I am just curious if it is possible to get the same results with just a select statement?
I would, personally, use a tally for this. An rCTE works, however, if you are working with larger amounts of data, or (much) longer strings, then the recursiveness of an rCTE will impact performance (I discuss this further here).

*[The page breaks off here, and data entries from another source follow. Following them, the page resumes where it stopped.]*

(* Let $(\mathcal{G},\mu)$ be an edge partition and $B\subseteq\mathcal{N}$. For every $\zeta\in\Lambda_\mathcal{G}(B)$, \[\psi^{-1}(\zeta)=\Big\{(\zeta\cap\mathcal{E}^+)\cup E \;:\; E\in\underset{e\in\zeta\cap\mathcal{E}^-}{\odot}\big(\{e\}\cup\mu(e)\big)\Big\}.\]
   Context: $R$ is a partially ordered ring; $\mathcal{G}=(\mathcal{N},\mathcal{E})$ is a multidigraph with source/target maps $s,t$, no self-loops, $\mathcal{N}=\{1,\dots,m+1\}$, labeling $\pi\colon\mathcal{E}\to R$. Trees/forests are subgraphs whose underlying undirected graph is acyclic (connected for trees); a tree is rooted at $N$ if $N$ is its only node without outgoing edges; spanning forests have node set $\mathcal{N}$ and are identified with their edge sets. $\Theta_\mathcal{G}(B)$ is the set of spanning forests with $|B|$ connected components, each a tree rooted at a node of $B$. A cycle is a closed directed path with no repeated nodes. $\mathcal{E}^-=\{e:\pi(e)\in R_{<0}\}$, $\mathcal{E}^+=\{e:\pi(e)\in R_{>0}\}$. An edge partition $(\mathcal{G},\mu)$, $\mu\colon\mathcal{E}^-\to\mathcal{P}(\mathcal{E}^+)$, satisfies (i) $\mathcal{E}=\mathcal{E}^+\sqcup\mathcal{E}^-$; (ii) every cycle contains at most one edge of $\mathcal{E}^-$; (iii) for $e\in\mathcal{E}^-$: (a) $e'\in\mu(e)\Rightarrow s(e')=s(e)$; (b) $e'\in\mu(e)\Rightarrow$ every cycle containing $e'$ contains $t(e)$; (c) $\mu(e)\cap\mu(e')=\emptyset$ for $e\ne e'$. $\operatorname{im}\mu=\bigcup_e\mu(e)$, $\mu^*\colon\operatorname{im}\mu\to\mathcal{E}^-$, $\mu^*(e')=e$ if $e'\in\mu(e)$. For $\zeta\in\Theta_\mathcal{G}(B)$, $\mathcal{E}_\zeta=\{E\subseteq\zeta\cap\operatorname{im}\mu:(\zeta\setminus E)\cup\mu^*(E)\in\Theta_\mathcal{G}(B)\}$; this family is closed under union, and $E_\zeta$ denotes its maximum (the union of all its members). $\Lambda_\mathcal{G}(B)=\{\zeta\in\Theta_\mathcal{G}(B):\mathcal{E}_\zeta=\{\emptyset\}\}$ and $\psi\colon\Theta_\mathcal{G}(B)\to\Lambda_\mathcal{G}(B)$, $\psi(\zeta)=(\zeta\setminus E_\zeta)\cup\mu^*(E_\zeta)$. For pairwise disjoint finite sets $F_1,\dots,F_k$, $F_1\odot\cdots\odot F_k=\{\{w_1,\dots,w_k\}: w_j\in F_j\}$. *)

theory Defs
  imports Main
begin

definition wf_graph :: "nat set \<Rightarrow> 'e set \<Rightarrow> ('e \<Rightarrow> nat) \<Rightarrow> ('e \<Rightarrow> nat) \<Rightarrow> bool" where
  "wf_graph N E s t \<longleftrightarrow> finite N \<and> finite E \<and> (\<forall>e\<in>E. s e \<in> N \<and> t e \<in> N \<and> s e \<noteq> t e)"

definition ucycle :: "'e set \<Rightarrow> ('e \<Rightarrow> nat) \<Rightarrow> ('e \<Rightarrow> nat) \<Rightarrow> 'e list \<Rightarrow> nat list \<Rightarrow> bool" where
  "ucycle F s t es vs \<longleftrightarrow> length es \<ge> 2 \<and> length vs = length es \<and> distinct es \<and> distinct vs
     \<and> set es \<subseteq> F
     \<and> (\<forall>i<length es. {s (es!i), t (es!i)} = {vs!i, vs!((i+1) mod length es)})"

definition uforest :: "'e set \<Rightarrow> ('e \<Rightarrow> nat) \<Rightarrow> ('e \<Rightarrow> nat) \<Rightarrow> bool" where
  "uforest F s t \<longleftrightarrow> \<not> (\<exists>es vs. ucycle F s t es vs)"

definition uadj :: "'e set \<Rightarrow> ('e \<Rightarrow> nat) \<Rightarrow> ('e \<Rightarrow> nat) \<Rightarrow> (nat \<times> nat) set" where
  "uadj F s t = {(u,v). \<exists>e\<in>F. (s e = u \<and> t e = v) \<or> (s e = v \<and> t e = u)}"

definition components :: "nat set \<Rightarrow> 'e set \<Rightarrow> ('e \<Rightarrow> nat) \<Rightarrow> ('e \<Rightarrow> nat) \<Rightarrow> nat set set" where
  "components N F s t = N // ((uadj F s t)\<^sup>* \<inter> (N \<times> N))"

As you state you can't create a function, I use an inline tally instead (which admittedly makes things look more complicated), to put the string into relevant segments. If the string doesn't fit the split evenly, the last value will be shorter.
DECLARE @s varchar(MAX),
@m int;
SET @s = 'AaaaaBbbbbCccccDdddd';
SET @m = 5;
--Data set of NULLs
WITH N AS(
SELECT N
FROM (VALUES(NULL),(NULL),(NULL),(NULL),(NULL),(NULL),(NULL),(NULL),(NULL),(NULL))N(N)),
--Build the Tally
Tally AS(
SELECT TOP(LEN(@s)) --Limit to length of the string
ROW_NUMBER() OVER (ORDER BY (SELECT NULL)) AS I
FROM N N1, N N2, N N3, N N4, N N5, N N6, N N7) --Up to 10,000,000 rows
SELECT SUBSTRING(@s, T.I, @m) AS sp
FROM Tally T
WHERE (T.I - 1) % @m = 0
ORDER BY T.I;
If this is against a table, it may look something like this:
CREATE TABLE dbo.YourTable (ArbitraryID int IDENTITY,
YourString varchar(MAX),
SegmentSize int);
INSERT INTO dbo.YourTable (YourString, SegmentSize)

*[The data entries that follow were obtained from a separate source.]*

lemma is_4net_real_points:
  assumes net: "is_4net Arr A X d" and real: "\<And>L. L \<in> Arr \<Longrightarrow> real_line L" and "p \<in> X"
  shows "\<exists>x. x \<noteq> (0, 0, 0) \<and> p = proj_pt (cvec_of x)"
proof -
  obtain L M where LM: "L \<in> Arr" "M \<in> Arr" "L \<noteq> M" and "p \<in> L" "p \<in> M"
    using is_4net_point_on_two_lines[OF net \<open>p \<in> X\<close>] by blast
  obtain x where "x \<noteq> (0, 0, 0)" "L \<inter> M = {proj_pt (cvec_of x)}"
    using real_lines_Int_eq_singleton[OF real[OF LM(1)] real[OF LM(2)] LM(3)] .
  moreover from this(2) \<open>p \<in> L\<close> \<open>p \<in> M\<close> have "p = proj_pt (cvec_of x)"
    by auto
  ultimately show ?thesis
    by blast
qed

lemma lines_through_point_meet_line_distinct:
  assumes meet: "\<And>L M. L \<in> Arr \<Longrightarrow> M \<in> Arr \<Longrightarrow> L \<noteq> M \<Longrightarrow> \<exists>q. L \<inter> M = {q}"
    and "G \<in> Arr" "G' \<in> Arr" "G \<noteq> G'" "p \<in> G" "p \<in> G'" "p \<notin> H"
    and "a \<in> G" "a \<in> H" "a' \<in> G'" "a' \<in> H"
  shows "a \<noteq> a'"
proof
  assume "a = a'"
  obtain q where q: "G \<inter> G' = {q}"
    using meet[OF assms(2-4)] ..
  have "p \<in> G \<inter> G'" "a \<in> G \<inter> G'"
    using assms(5,6,8,10) \<open>a = a'\<close> by simp_all
  then have "p = a"
    unfolding q by simp
  with assms(7,9) show False
    by simp
qed

lemma is_4net_three_joins:
  assumes net: "is_4net Arr A X d"
    and meet: "\<And>L M. L \<in> Arr \<Longrightarrow> M \<in> Arr \<Longrightarrow> L \<noteq> M \<Longrightarrow> \<exists>q. L \<inter> M = {q}"
    and "p \<in> X" "H \<in> Arr" "p \<notin> H"
  obtains G a where "inj_on a {..<3::nat}"
    "\<And>k. k < 3 \<Longrightarrow> G k \<in> Arr \<and> p \<in> G k \<and> a k \<in> X \<and> a k \<in> G k \<and> a k \<in> H"
proof -
  obtain i where i: "i \<in> {1..4}" "H \<in> A i"
    using is_4net_class_of_line[OF net \<open>H \<in> Arr\<close>] by blast
  have "card ({1..4} - {i}) = 3"
    using i(1) by simp
  then obtain j :: "nat \<Rightarrow> nat" where j: "bij_betw j {..<3} ({1..4} - {i})"
    using ex_bij_betw_nat_finite[of "{1..4} - {i}"] by (auto simp: atLeast0LessThan)
  define G where "G k = (THE G. G \<in> A (j k) \<and> p \<in> G)" for k
  have j_range: "j k \<in> {1..4}" "j k \<noteq> i" if "k < 3" for k
    using bij_betw_apply[OF j, of k] that by auto
  have G: "G k \<in> A (j k)" "p \<in> G k" if "k < 3" for k
    using theI'[OF is_4net_ex1_line[OF net \<open>p \<in> X\<close> j_range(1)[OF that]]] unfolding G_def by auto
  have G_Arr: "G k \<in> Arr" if "k < 3" for k
    using G(1)[OF that] is_4net_class_subset[OF net j_range(1)[OF that]] by blast
  have "G k \<noteq> H" if "k < 3" for k
    using G(2)[OF that] \<open>p \<notin> H\<close> by blast
  then have "\<forall>k<3. \<exists>q. G k \<inter> H = {q}"
    using meet G_Arr \<open>H \<in> Arr\<close> by blast
  then obtain a where a: "\<And>k. k < 3 \<Longrightarrow> G k \<inter> H = {a k}"
    by metis
  then have aGH: "a k \<in> G k" "a k \<in> H" if "k < 3" for k
    using that by auto
  have a_X: "a k \<in> X" if "k < 3" for k
    using is_4net_Int_subset[OF net j_range(1)[OF that] i(1) j_range(2)[OF that] G(1)[OF that] i(2)] aGH[OF that]
    by blast
  have "inj_on a {..<3}"
  proof (rule inj_onI, rule ccontr)
    fix k m assume "k \<in> {..<3}" "m \<in> {..<3}" "a k = a m" "k \<noteq> m"
    then have km: "k < 3" "m < 3" "j k \<noteq> j m"
      using bij_betw_imp_inj_on[OF j] by (auto dest: inj_onD)
    then have "G k \<noteq> G m"
      using is_4net_class_unique[OF net j_range(1)[OF km(1)] j_range(1)[OF km(2)]] G(1)[OF km(1)] G(1)[OF km(2)]
      by auto
    with \<open>a k = a m\<close> show False
      using lines_through_point_meet_line_distinct[OF meet G_Arr[OF km(1)] G_Arr[OF km(2)] _ G(2)[OF km(1)]
          G(2)[OF km(2)] \<open>p \<notin> H\<close> aGH[OF km(1)] aGH[OF km(2)]] by blast
  qed
  then show ?thesis
    using that G G_Arr a_X aGH by blast
qed

lemma is_4net_nonincident_pair:
  assumes net: "is_4net Arr A X d"
    and meet: "\<And>L M. L \<in> Arr \<Longrightarrow> M \<in> Arr \<Longrightarrow> L \<noteq> M \<Longrightarrow> \<exists>q. L \<inter> M = {q}"
  obtains p H where "p \<in> X" "H \<in> Arr" "p \<notin> H"
proof -
  have "(1::nat) \<in> {1..4}" "(2::nat) \<in> {1..4}"
    by auto
  obtain H H' where H: "H \<in> A 1" "H' \<in> A 1" "H \<noteq> H'"
    using is_4net_two_lines_in_class[OF net \<open>1 \<in> {1..4}\<close>] by blast
  obtain K where K: "K \<in> A 2"
    using is_4net_two_lines_in_class[OF net \<open>2 \<in> {1..4}\<close>] by blast
  have Arr: "H \<in> Arr" "H' \<in> Arr" "K \<in> Arr"
    using H K is_4net_class_subset[OF net \<open>1 \<in> {1..4}\<close>] is_4net_class_subset[OF net \<open>2 \<in> {1..4}\<close>]
    by auto
  have "H \<noteq> K"
    using is_4net_class_unique[OF net \<open>1 \<in> {1..4}\<close> \<open>2 \<in> {1..4}\<close>] H(1) K by auto
  then obtain q where q: "H \<inter> K = {q}"
    using meet[OF Arr(1,3)] by blast
  have "q \<in> X"
    using is_4net_Int_subset[OF net \<open>1 \<in> {1..4}\<close> \<open>2 \<in> {1..4}\<close> _ H(1) K] q by auto
  moreover have "q \<notin> H'"
    using is_4net_ex1_line[OF net \<open>q \<in> X\<close> \<open>1 \<in> {1..4}\<close>] H q by blast
  ultimately show ?thesis
    using that Arr(2) by blast
qed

VALUES('AaaaaBbbbbCccccDdddd',5),
('1234567890',3);
GO
WITH N AS(
SELECT N
FROM (VALUES(NULL),(NULL),(NULL),(NULL),(NULL),(NULL),(NULL),(NULL),(NULL),(NULL))N(N)),
Tally AS(
SELECT TOP(SELECT MAX(LEN(YourString)) FROM dbo.YourTable)
ROW_NUMBER() OVER (ORDER BY (SELECT NULL)) AS I
FROM N N1, N N2, N N3, N N4, N N5, N N6, N N7)
SELECT YT.ArbitraryID,
SUBSTRING(YT.YourString, T.I, YT.SegmentSize) AS sp
FROM dbo.YourTable YT
JOIN Tally T ON LEN(YT.YourString) >= T.I
WHERE (T.I - 1) % YT.SegmentSize = 0
ORDER BY YT.ArbitraryID,
T.I;
GO
--Clean up
DROP TABLE dbo.YourTable;
If you are on 2022+, then GENERATE_SERIES
significantly simplifies this:
DECLARE @s varchar(MAX),
@m bigint; --bigint as we're using a MAX length string. If you aren't, use int
SET @s = '1234567890';
SET @m = 3;
SELECT SUBSTRING(@s, GS.value, @m)
FROM GENERATE_SERIES(CONVERT(bigint,1),LEN(@s), @m) GS --All values have to be the same data type, hence explicit CONVERT on the first parameter
ORDER BY GS.value;
GO
-- Or with the prior table
SELECT YT.ArbitraryID,
SUBSTRING(YT.YourString, GS.value, YT.SegmentSize)
FROM dbo.YourTable YT
CROSS APPLY GENERATE_SERIES(CONVERT(bigint,1), LEN(YT.YourString), CONVERT(bigint,YT.SegmentSize)) GS --All values have to be the same data type, hence explicit CONVERTs
ORDER BY YT.ArbitraryID,
GS.value;